PROBLEM STATEMENT
Print nothing except the lines of the listing below from the line with "using lam_adj_neq[OF z_less" to the line with "lam_S by metis+", each exactly as written, both ends included.

EXTRACTED RECORDS
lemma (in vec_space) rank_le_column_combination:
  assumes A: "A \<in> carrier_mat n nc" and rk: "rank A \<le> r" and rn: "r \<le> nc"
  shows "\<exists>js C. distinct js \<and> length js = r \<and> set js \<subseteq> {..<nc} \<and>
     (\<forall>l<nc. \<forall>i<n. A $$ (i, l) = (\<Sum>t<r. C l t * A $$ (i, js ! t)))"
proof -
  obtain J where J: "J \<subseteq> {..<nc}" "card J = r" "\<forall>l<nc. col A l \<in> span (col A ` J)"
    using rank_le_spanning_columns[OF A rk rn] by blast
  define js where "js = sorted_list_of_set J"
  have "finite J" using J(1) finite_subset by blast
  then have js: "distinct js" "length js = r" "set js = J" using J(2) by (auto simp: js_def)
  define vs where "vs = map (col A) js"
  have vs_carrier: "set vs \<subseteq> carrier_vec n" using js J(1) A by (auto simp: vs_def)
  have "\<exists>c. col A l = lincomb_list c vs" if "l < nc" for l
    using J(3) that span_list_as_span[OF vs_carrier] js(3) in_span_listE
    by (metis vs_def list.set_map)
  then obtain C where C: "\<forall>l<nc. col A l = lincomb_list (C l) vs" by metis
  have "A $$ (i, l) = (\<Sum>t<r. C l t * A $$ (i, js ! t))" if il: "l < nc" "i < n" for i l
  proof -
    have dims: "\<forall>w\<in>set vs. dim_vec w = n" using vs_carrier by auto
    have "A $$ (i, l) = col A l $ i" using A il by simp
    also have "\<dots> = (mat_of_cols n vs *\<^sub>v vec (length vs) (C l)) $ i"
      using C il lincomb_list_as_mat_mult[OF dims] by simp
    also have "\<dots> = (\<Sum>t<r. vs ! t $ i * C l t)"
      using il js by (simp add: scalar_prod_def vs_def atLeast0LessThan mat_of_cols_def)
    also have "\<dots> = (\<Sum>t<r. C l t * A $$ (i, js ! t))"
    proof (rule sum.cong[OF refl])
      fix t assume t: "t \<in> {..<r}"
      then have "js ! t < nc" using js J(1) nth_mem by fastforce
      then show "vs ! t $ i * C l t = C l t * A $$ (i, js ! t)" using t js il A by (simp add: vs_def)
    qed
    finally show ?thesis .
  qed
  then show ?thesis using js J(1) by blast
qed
...
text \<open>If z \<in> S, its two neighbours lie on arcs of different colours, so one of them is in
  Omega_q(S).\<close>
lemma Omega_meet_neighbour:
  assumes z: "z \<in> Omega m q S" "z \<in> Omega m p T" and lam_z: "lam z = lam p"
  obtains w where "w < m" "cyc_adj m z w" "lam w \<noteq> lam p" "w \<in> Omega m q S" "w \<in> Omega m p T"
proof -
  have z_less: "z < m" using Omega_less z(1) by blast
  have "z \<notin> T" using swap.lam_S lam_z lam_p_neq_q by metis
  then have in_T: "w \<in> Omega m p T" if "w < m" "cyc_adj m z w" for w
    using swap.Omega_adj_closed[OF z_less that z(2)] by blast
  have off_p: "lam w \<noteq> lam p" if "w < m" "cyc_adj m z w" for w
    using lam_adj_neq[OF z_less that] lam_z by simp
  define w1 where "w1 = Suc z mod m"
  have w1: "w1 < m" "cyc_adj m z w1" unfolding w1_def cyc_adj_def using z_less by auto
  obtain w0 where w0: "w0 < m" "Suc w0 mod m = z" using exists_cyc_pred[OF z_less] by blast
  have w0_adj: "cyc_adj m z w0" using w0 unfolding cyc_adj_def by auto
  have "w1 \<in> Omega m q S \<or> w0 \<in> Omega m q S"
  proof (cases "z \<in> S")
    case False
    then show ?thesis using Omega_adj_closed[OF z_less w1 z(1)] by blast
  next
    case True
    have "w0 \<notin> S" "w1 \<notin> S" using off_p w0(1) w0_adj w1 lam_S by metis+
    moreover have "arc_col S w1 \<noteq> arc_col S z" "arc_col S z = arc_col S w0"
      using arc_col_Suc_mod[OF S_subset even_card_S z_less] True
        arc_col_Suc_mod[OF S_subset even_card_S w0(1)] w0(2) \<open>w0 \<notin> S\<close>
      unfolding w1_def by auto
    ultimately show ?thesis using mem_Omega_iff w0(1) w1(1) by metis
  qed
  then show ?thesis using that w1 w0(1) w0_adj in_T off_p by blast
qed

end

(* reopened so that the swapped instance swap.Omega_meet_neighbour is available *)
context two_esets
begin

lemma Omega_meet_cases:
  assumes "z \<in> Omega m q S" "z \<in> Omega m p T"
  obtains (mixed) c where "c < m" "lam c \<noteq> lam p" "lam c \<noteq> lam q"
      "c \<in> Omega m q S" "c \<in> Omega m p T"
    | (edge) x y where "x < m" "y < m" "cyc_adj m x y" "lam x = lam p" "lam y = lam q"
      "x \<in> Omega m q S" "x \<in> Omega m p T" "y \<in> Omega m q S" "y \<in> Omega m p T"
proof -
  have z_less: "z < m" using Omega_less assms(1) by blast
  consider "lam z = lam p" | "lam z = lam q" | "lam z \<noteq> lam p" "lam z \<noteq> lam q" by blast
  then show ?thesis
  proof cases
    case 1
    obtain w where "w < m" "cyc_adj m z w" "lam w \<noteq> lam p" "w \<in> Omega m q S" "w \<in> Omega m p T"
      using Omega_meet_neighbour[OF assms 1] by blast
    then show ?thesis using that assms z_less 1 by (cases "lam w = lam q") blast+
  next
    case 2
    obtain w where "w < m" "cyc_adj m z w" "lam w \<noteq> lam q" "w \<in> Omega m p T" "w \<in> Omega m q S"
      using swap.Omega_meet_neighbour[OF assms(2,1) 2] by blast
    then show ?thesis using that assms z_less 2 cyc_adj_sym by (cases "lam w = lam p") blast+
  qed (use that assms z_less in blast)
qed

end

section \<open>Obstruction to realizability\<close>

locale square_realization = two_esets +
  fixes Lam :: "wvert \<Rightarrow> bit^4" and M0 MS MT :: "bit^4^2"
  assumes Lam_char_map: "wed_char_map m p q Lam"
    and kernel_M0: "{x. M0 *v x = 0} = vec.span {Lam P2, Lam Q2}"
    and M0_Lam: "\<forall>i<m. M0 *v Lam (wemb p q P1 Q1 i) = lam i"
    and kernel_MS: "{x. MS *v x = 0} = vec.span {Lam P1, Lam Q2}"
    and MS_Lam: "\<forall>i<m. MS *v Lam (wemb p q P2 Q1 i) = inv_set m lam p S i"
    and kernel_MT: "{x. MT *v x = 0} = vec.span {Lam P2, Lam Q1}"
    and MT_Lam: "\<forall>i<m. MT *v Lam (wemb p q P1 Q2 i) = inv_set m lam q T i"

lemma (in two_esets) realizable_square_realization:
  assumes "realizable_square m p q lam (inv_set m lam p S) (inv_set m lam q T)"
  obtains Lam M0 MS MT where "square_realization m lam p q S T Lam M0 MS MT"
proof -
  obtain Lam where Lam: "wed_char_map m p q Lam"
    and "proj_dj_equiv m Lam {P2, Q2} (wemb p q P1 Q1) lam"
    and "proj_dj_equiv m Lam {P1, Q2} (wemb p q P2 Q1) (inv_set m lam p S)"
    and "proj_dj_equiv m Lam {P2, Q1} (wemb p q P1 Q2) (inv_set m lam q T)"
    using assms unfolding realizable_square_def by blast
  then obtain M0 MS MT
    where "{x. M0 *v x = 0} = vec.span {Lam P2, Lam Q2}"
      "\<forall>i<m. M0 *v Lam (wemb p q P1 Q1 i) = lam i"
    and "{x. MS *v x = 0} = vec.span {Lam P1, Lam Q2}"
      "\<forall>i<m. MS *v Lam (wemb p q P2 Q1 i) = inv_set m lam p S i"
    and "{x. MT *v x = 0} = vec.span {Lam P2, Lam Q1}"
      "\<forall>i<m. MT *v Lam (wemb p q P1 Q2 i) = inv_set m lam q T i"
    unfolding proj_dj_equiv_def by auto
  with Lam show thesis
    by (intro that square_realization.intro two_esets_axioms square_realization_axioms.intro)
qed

EXERCISE ANSWER
    using lam_adj_neq[OF z_less that] lam_z by simp
  define w1 where "w1 = Suc z mod m"
  have w1: "w1 < m" "cyc_adj m z w1" unfolding w1_def cyc_adj_def using z_less by auto
  obtain w0 where w0: "w0 < m" "Suc w0 mod m = z" using exists_cyc_pred[OF z_less] by blast
  have w0_adj: "cyc_adj m z w0" using w0 unfolding cyc_adj_def by auto
  have "w1 \<in> Omega m q S \<or> w0 \<in> Omega m q S"
  proof (cases "z \<in> S")
    case False
    then show ?thesis using Omega_adj_closed[OF z_less w1 z(1)] by blast
  next
    case True
    have "w0 \<notin> S" "w1 \<notin> S" using off_p w0(1) w0_adj w1 lam_S by metis+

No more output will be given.